- WORK REQUIRED:
Report the lines of the data below that contain the string "close".
━━━ DATA FOR THIS EXERCISE ━━━
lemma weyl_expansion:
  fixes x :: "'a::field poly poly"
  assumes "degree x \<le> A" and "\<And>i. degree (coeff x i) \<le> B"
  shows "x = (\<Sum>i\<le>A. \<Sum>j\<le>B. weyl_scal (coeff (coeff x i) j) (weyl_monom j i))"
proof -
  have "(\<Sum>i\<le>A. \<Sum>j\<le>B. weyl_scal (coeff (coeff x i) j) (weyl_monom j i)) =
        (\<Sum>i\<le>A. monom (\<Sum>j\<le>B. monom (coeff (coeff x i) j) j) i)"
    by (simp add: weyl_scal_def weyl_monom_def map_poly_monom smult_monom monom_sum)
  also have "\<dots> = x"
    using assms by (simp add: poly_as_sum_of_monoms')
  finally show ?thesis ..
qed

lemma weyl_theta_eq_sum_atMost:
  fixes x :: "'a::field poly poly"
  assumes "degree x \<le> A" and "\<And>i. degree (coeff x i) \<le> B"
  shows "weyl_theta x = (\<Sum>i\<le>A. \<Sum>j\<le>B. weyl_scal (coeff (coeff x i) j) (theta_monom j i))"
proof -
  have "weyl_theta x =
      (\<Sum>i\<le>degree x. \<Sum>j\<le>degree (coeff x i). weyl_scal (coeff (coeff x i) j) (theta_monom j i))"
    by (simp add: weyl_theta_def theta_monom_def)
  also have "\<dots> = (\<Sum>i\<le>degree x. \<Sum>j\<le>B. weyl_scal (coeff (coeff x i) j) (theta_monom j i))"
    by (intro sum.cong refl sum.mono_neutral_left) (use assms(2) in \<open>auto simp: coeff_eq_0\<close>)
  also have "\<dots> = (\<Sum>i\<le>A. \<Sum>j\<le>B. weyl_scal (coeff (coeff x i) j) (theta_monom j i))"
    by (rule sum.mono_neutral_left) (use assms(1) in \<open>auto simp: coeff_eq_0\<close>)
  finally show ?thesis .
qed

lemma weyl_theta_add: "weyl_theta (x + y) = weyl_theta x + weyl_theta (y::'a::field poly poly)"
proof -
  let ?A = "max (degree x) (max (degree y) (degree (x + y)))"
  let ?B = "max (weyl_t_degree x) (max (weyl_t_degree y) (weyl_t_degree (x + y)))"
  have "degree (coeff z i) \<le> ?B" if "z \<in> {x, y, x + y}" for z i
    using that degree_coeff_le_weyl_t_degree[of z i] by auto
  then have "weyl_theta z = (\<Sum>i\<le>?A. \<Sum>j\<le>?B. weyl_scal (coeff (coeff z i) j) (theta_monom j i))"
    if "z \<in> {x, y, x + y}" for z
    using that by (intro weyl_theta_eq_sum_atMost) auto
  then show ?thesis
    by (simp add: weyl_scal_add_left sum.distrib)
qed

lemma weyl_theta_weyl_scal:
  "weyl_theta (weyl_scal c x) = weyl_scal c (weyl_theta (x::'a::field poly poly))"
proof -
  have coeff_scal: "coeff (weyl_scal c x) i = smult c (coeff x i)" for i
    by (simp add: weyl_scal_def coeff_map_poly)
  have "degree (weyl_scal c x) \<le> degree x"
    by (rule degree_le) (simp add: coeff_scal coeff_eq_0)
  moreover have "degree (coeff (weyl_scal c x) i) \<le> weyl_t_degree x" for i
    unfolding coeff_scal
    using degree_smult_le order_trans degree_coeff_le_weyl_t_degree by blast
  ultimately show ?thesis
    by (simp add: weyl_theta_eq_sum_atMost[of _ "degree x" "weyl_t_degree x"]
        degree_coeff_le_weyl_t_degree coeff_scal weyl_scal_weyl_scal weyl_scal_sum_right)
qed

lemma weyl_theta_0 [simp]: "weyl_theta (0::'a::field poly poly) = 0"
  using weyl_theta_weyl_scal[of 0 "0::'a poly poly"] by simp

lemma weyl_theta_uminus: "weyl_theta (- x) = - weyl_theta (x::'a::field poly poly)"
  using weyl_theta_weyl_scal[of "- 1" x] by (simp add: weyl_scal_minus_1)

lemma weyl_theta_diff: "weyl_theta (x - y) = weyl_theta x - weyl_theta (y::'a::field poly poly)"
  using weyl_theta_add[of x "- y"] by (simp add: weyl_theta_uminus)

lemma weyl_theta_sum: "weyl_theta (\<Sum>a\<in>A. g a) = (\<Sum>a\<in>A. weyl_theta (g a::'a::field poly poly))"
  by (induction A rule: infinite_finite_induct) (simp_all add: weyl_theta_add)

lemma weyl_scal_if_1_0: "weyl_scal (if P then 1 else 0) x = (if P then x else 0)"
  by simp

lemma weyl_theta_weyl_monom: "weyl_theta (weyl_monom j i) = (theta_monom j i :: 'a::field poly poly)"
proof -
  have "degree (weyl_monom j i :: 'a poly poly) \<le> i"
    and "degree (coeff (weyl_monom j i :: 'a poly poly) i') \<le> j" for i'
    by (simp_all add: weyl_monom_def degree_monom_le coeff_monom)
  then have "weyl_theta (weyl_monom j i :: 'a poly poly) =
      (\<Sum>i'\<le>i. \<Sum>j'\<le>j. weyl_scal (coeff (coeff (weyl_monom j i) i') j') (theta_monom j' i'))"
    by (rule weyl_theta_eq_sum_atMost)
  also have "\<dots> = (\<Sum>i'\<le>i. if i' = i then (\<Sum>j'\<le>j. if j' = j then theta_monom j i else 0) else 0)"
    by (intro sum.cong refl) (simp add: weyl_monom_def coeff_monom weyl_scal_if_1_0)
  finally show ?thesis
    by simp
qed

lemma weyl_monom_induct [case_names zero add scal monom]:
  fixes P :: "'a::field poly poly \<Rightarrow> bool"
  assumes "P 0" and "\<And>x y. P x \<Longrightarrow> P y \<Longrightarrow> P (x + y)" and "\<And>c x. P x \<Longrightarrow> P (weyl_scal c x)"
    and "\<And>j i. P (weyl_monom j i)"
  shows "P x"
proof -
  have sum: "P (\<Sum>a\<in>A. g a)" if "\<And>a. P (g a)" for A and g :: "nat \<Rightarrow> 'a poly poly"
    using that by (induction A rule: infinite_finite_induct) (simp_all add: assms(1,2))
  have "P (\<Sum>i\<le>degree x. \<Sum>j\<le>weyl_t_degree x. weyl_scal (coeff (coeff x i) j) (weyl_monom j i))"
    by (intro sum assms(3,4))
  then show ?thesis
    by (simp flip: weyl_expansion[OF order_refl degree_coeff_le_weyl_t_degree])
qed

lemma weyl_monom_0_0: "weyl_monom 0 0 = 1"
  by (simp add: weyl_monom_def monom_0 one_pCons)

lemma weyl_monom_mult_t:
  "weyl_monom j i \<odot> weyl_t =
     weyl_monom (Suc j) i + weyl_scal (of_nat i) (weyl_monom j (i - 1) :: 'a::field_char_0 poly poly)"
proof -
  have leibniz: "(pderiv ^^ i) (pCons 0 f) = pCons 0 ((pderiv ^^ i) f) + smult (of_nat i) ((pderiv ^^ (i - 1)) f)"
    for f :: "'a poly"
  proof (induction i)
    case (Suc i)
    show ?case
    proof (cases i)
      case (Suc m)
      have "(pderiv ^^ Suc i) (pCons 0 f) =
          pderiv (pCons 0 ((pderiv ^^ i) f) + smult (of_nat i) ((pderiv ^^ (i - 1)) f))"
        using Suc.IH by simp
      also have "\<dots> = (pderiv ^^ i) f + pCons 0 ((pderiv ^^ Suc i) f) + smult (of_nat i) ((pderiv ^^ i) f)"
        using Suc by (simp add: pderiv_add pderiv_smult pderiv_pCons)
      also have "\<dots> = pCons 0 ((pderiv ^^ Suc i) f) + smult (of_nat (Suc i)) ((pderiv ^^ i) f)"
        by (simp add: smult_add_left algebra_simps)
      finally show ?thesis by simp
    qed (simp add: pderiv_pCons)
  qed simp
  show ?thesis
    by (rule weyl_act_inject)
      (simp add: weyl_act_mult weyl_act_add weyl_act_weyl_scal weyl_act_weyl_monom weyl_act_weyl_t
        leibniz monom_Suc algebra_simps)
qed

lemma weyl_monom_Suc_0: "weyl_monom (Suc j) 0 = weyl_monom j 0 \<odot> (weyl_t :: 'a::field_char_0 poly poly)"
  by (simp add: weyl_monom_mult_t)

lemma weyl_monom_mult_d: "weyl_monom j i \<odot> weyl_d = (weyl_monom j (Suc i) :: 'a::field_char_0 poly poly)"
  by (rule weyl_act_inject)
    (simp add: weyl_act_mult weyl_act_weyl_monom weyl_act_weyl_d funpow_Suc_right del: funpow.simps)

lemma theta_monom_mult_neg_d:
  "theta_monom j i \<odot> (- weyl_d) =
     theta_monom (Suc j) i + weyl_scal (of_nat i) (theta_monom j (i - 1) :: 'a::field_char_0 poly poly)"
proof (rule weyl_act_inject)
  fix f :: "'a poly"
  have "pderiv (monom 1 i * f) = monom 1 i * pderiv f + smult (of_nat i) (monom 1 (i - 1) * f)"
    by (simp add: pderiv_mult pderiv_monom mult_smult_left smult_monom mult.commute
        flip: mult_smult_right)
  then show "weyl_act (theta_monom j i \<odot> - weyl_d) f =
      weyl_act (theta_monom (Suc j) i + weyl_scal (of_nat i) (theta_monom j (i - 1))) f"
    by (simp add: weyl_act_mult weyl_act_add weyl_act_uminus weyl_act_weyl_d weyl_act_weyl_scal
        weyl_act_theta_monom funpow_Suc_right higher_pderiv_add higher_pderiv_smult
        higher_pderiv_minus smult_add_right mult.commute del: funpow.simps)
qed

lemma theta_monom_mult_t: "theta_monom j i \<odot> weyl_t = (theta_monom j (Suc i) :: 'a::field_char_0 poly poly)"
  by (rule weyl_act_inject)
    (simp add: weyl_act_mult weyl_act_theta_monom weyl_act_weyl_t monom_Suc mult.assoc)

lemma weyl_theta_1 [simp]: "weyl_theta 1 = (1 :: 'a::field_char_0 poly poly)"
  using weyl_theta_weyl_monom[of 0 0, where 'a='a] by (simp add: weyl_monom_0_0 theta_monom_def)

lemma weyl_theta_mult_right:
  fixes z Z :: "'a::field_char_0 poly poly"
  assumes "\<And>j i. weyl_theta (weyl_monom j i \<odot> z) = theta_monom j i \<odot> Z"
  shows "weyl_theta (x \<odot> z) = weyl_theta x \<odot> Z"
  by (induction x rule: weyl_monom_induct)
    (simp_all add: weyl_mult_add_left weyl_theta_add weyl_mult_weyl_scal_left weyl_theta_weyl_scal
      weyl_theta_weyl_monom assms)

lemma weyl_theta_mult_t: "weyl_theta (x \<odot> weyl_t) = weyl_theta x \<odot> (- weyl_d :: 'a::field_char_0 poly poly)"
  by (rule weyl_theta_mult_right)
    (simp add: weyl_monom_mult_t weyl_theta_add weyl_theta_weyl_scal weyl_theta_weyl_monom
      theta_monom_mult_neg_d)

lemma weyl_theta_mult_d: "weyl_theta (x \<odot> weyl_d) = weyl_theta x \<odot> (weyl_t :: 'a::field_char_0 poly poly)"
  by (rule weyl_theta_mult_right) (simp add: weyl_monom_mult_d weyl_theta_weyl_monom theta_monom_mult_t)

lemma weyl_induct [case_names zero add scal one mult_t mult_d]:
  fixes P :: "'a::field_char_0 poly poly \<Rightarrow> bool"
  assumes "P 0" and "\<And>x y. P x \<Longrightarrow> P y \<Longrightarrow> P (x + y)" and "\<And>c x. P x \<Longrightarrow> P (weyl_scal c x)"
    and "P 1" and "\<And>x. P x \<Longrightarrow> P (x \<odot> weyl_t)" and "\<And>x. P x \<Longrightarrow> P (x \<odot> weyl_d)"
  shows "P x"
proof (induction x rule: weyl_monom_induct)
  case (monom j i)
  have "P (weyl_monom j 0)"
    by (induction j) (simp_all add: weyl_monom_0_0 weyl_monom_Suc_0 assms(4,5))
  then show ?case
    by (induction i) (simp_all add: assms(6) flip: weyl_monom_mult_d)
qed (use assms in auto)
━━━
- EXERCISE SOLUTION:
    by (intro sum.cong refl sum.mono_neutral_left) (use assms(2) in \<open>auto simp: coeff_eq_0\<close>)
    by (rule sum.mono_neutral_left) (use assms(1) in \<open>auto simp: coeff_eq_0\<close>)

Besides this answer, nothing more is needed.